PROMPT →
Your task is to copy the stretch of lines in the records below that begins with the line containing "g, h) \<Rightarrow>" and ends with the line containing "and some vertex", exactly as written, with nothing added.
*** TASK DATA ***
(* Let $m,n\ge 1$ and let $U=\begin{pmatrix}1&1\\0&1\end{pmatrix}$, $V=\begin{pmatrix}1&0\\1&1\end{pmatrix}$ (representing, under an identification $\mathrm{Mod}(T^2)\cong\mathrm{SL}(2,\mathbb{Z})$, the mapping classes $\tau_a^{-1}$ and $\tau_b$, where $\tau_a,\tau_b$ are Dehn twists about simple closed curves $a,b$ on the torus with geometric intersection number $1$). Among all words consisting of exactly $m$ letters $U$ and $n$ letters $V$ in any order, the word $U^mV^n$ (i.e. $\tau_a^{-m}\tau_b^n$, up to cyclic permutation) has the smallest stable translation length on the Farey graph $\mathcal{F}$. Moreover, $l_{\mathcal{C}}(U^mV^n)\le 2$.
   Context: The Farey graph $\mathcal{F}$ (the curve graph of the torus) has vertex set $\mathbb{Q}\cup\{\infty\}$, $p/q$ and $r/s$ adjacent iff $|ps-qr|=1$, with path metric $d_{\mathcal{C}}$ of unit edge lengths; $\begin{pmatrix}a&b\\c&d\end{pmatrix}\in\mathrm{SL}(2,\mathbb{Z})$ acts by $p/q\mapsto (ap+bq)/(cp+dq)$. The stable translation length of $g$ is $l_{\mathcal{C}}(g)=\liminf_{j\to\infty} d_{\mathcal{C}}(v,g^j(v))/j$ for any vertex $v$. Every word in the letters $U,V$ containing both letters is an Anosov element (absolute trace $>2$). *)

theory Defs
  imports "HOL-Analysis.Analysis"
begin

text \<open>Vertices of the Farey graph: Q \<union> {\<infinity>}, with p/q represented by the coprime pair (p,q)
  normalised to q > 0, and \<infinity> represented by (1,0).\<close>
definition farey_vertex :: "int \<times> int \<Rightarrow> bool" where
  "farey_vertex v = (case v of (p, q) \<Rightarrow> coprime p q \<and> (q > 0 \<or> (q = 0 \<and> p = 1)))"

definition farey_inf :: "int \<times> int" where
  "farey_inf = (1, 0)"

definition farey_adj :: "int \<times> int \<Rightarrow> int \<times> int \<Rightarrow> bool" where
  "farey_adj v w = (farey_vertex v \<and> farey_vertex w \<and>
     (case v of (p, q) \<Rightarrow> case w of (r, s) \<Rightarrow> \<bar>p * s - q * r\<bar> = 1))"

text \<open>Path metric with unit edge lengths (the Farey graph is connected).\<close>
definition farey_dist :: "int \<times> int \<Rightarrow> int \<times> int \<Rightarrow> nat" where
  "farey_dist v w = (LEAST k. (farey_adj ^^ k) v w)"

text \<open>2x2 integer matrices (a,b,c,d) = [[a,b],[c,d]].\<close>
type_synonym mat2 = "int \<times> int \<times> int \<times> int"

definition mat2_mult :: "mat2 \<Rightarrow> mat2 \<Rightarrow> mat2" where
  "mat2_mult M N = (case M of (a, b, c, d) \<Rightarrow> case N of (e, f, g, h) \<Rightarrow>
     (a * e + b * g, a * f + b * h, c * e + d * g, c * f + d * h))"

definition mat2_id :: mat2 where "mat2_id = (1, 0, 0, 1)"

definition farey_norm :: "int \<times> int \<Rightarrow> int \<times> int" where
  "farey_norm v = (case v of (x, y) \<Rightarrow> if y < 0 \<or> (y = 0 \<and> x < 0) then (- x, - y) else (x, y))"

definition mat2_act :: "mat2 \<Rightarrow> int \<times> int \<Rightarrow> int \<times> int" where
  "mat2_act M v = (case M of (a, b, c, d) \<Rightarrow> case v of (p, q) \<Rightarrow>
     farey_norm (a * p + b * q, c * p + d * q))"

definition matU :: mat2 where "matU = (1, 1, 0, 1)"
definition matV :: mat2 where "matV = (1, 0, 1, 1)"

definition letter :: "bool \<Rightarrow> mat2" where
  "letter x = (if x then matU else matV)"

definition word_mat :: "bool list \<Rightarrow> mat2" where
  "word_mat w = foldr (\<lambda>x M. mat2_mult (letter x) M) w mat2_id"

definition stable_len :: "mat2 \<Rightarrow> ereal" where
  "stable_len g = liminf (\<lambda>j::nat. ereal (real (farey_dist farey_inf ((mat2_act g ^^ j) farey_inf)) / real j))"

end

theory Submission
  imports Defs
begin

text \<open>A word \<open>w\<close> in \<open>U\<close> and \<open>V\<close> is a matrix with nonnegative entries, positive if \<open>w\<close>
  contains both letters. For such a positive prefix \<open>P\<close> of \<open>w\<^sup>j\<close> the Farey edge
  \<open>{P\<infinity>, P0}\<close> separates \<open>\<infinity>\<close> from \<open>w\<^sup>j\<infinity>\<close>, and cutting \<open>w\<^sup>j\<close> into pieces that each contain
  both letters produces separating edges with pairwise disjoint endpoints. A geodesic from
  \<open>\<infinity>\<close> to \<open>w\<^sup>j\<infinity>\<close> must cross all of them, so it has length at least \<open>j - 1\<close>, and at least
  \<open>2j - 4\<close> if each letter occurs twice in \<open>w\<close> (cut on both sides of a letter change in every
  copy). Thus \<open>l(w) \<ge> 1\<close>, resp. \<open>l(w) \<ge> 2\<close>. Conversely \<open>U\<^sup>mV\<^sup>n\<close> moves \<open>\<infinity>\<close> a distance of at most 2,
  and some vertex a distance of 1 when \<open>m = 1\<close> or \<open>n = 1\<close>; if \<open>m, n \<ge> 2\<close>, every word with
  the same letter counts has each letter at least twice.\<close>

section \<open>Integer matrices acting on the Farey graph\<close>

definition mat2_app :: "mat2 \<Rightarrow> int \<times> int \<Rightarrow> int \<times> int" where
  "mat2_app M v = (case M of (a, b, c, d) \<Rightarrow> case v of (p, q) \<Rightarrow> (a * p + b * q, c * p + d * q))"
*** End of TASK DATA ***
ANSWER TO THIS PROBLEM →
  "mat2_mult M N = (case M of (a, b, c, d) \<Rightarrow> case N of (e, f, g, h) \<Rightarrow>
     (a * e + b * g, a * f + b * h, c * e + d * g, c * f + d * h))"

definition mat2_id :: mat2 where "mat2_id = (1, 0, 0, 1)"

definition farey_norm :: "int \<times> int \<Rightarrow> int \<times> int" where
  "farey_norm v = (case v of (x, y) \<Rightarrow> if y < 0 \<or> (y = 0 \<and> x < 0) then (- x, - y) else (x, y))"

definition mat2_act :: "mat2 \<Rightarrow> int \<times> int \<Rightarrow> int \<times> int" where
  "mat2_act M v = (case M of (a, b, c, d) \<Rightarrow> case v of (p, q) \<Rightarrow>
     farey_norm (a * p + b * q, c * p + d * q))"

definition matU :: mat2 where "matU = (1, 1, 0, 1)"
definition matV :: mat2 where "matV = (1, 0, 1, 1)"

definition letter :: "bool \<Rightarrow> mat2" where
  "letter x = (if x then matU else matV)"

definition word_mat :: "bool list \<Rightarrow> mat2" where
  "word_mat w = foldr (\<lambda>x M. mat2_mult (letter x) M) w mat2_id"

definition stable_len :: "mat2 \<Rightarrow> ereal" where
  "stable_len g = liminf (\<lambda>j::nat. ereal (real (farey_dist farey_inf ((mat2_act g ^^ j) farey_inf)) / real j))"

end

theory Submission
  imports Defs
begin

text \<open>A word \<open>w\<close> in \<open>U\<close> and \<open>V\<close> is a matrix with nonnegative entries, positive if \<open>w\<close>
  contains both letters. For such a positive prefix \<open>P\<close> of \<open>w\<^sup>j\<close> the Farey edge
  \<open>{P\<infinity>, P0}\<close> separates \<open>\<infinity>\<close> from \<open>w\<^sup>j\<infinity>\<close>, and cutting \<open>w\<^sup>j\<close> into pieces that each contain
  both letters produces separating edges with pairwise disjoint endpoints. A geodesic from
  \<open>\<infinity>\<close> to \<open>w\<^sup>j\<infinity>\<close> must cross all of them, so it has length at least \<open>j - 1\<close>, and at least
  \<open>2j - 4\<close> if each letter occurs twice in \<open>w\<close> (cut on both sides of a letter change in every
  copy). Thus \<open>l(w) \<ge> 1\<close>, resp. \<open>l(w) \<ge> 2\<close>. Conversely \<open>U\<^sup>mV\<^sup>n\<close> moves \<open>\<infinity>\<close> a distance of at most 2,
  and some vertex a distance of 1 when \<open>m = 1\<close> or \<open>n = 1\<close>; if \<open>m, n \<ge> 2\<close>, every word with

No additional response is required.